— THE PROBLEM —
Collect from the data below each line with "noteq".

(Collected data)
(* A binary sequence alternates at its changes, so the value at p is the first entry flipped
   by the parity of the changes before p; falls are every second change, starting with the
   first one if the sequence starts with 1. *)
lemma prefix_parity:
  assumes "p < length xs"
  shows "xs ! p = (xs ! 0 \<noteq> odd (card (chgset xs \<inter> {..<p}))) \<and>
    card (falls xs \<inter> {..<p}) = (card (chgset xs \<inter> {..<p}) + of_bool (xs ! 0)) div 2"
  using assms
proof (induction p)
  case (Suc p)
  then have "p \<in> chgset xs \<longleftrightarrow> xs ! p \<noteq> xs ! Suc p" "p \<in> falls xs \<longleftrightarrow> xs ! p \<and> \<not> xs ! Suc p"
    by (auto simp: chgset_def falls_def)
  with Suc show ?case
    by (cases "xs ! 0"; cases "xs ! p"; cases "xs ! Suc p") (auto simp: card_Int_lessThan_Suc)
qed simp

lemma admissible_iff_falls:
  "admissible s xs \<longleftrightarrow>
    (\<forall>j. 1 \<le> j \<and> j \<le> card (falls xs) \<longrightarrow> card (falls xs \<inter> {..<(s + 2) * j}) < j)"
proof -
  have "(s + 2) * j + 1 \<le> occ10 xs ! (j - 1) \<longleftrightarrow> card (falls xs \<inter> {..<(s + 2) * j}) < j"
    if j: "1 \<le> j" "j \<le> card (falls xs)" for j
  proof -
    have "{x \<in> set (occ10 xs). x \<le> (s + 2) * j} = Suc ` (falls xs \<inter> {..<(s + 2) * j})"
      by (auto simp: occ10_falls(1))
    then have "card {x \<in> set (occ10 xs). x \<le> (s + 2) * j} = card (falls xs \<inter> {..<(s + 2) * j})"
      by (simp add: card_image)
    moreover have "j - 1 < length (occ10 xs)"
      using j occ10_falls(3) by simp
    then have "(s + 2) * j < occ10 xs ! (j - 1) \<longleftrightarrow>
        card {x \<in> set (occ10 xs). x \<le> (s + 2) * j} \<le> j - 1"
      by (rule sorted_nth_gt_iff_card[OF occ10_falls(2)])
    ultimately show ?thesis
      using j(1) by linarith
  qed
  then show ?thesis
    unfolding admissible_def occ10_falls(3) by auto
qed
==
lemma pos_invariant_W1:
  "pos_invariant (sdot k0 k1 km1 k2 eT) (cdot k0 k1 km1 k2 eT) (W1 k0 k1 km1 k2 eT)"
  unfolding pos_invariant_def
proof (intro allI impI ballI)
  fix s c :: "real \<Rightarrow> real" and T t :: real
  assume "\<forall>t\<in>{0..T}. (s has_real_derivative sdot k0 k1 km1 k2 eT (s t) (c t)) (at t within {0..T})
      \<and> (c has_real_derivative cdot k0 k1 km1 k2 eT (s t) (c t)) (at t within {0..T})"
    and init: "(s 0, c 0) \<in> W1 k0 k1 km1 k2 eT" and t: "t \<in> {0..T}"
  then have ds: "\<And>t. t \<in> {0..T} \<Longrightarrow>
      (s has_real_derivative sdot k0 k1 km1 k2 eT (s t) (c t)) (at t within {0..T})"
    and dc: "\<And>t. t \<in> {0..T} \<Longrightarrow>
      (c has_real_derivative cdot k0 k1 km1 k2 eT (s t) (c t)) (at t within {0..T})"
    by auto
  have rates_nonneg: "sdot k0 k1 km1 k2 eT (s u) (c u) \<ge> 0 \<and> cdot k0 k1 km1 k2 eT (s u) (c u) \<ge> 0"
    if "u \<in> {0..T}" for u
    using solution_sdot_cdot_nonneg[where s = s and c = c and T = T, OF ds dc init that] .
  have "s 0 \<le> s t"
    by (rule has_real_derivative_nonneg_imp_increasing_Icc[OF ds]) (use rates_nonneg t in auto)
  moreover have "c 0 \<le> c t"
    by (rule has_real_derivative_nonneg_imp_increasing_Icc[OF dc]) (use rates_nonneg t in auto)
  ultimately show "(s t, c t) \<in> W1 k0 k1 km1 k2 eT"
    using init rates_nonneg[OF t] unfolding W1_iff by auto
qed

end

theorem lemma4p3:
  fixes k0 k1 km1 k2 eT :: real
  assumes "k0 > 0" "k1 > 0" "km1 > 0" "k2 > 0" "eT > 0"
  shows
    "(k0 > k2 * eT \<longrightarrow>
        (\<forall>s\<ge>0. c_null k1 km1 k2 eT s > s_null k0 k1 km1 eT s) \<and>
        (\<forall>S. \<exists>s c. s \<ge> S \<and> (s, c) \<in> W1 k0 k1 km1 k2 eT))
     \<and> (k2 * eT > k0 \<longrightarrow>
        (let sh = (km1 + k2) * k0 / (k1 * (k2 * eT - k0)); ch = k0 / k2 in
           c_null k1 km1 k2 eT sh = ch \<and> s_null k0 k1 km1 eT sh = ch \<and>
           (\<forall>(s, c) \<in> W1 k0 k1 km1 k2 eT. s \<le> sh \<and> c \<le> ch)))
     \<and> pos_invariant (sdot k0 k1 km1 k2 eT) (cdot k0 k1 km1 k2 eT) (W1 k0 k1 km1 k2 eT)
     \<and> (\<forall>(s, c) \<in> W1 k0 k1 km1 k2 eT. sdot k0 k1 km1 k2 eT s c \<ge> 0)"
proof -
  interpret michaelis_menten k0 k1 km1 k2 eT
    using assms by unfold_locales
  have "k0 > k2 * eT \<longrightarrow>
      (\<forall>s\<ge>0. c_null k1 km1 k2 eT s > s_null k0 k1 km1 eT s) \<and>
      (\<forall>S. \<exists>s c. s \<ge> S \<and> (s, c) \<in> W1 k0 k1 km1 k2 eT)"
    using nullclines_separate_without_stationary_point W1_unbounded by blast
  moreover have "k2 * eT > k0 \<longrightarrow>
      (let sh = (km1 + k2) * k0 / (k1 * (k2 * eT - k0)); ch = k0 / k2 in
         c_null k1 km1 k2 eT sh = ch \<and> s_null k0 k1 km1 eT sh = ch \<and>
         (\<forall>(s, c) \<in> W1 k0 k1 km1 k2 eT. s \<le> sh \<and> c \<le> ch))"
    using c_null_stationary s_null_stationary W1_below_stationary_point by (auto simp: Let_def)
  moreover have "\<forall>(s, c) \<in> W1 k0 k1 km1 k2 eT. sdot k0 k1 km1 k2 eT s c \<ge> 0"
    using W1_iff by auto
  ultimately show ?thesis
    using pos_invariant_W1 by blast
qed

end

— YOUR RESPONSE —
  shows "xs ! p = (xs ! 0 \<noteq> odd (card (chgset xs \<inter> {..<p}))) \<and>
  then have "p \<in> chgset xs \<longleftrightarrow> xs ! p \<noteq> xs ! Suc p" "p \<in> falls xs \<longleftrightarrow> xs ! p \<and> \<not> xs ! Suc p"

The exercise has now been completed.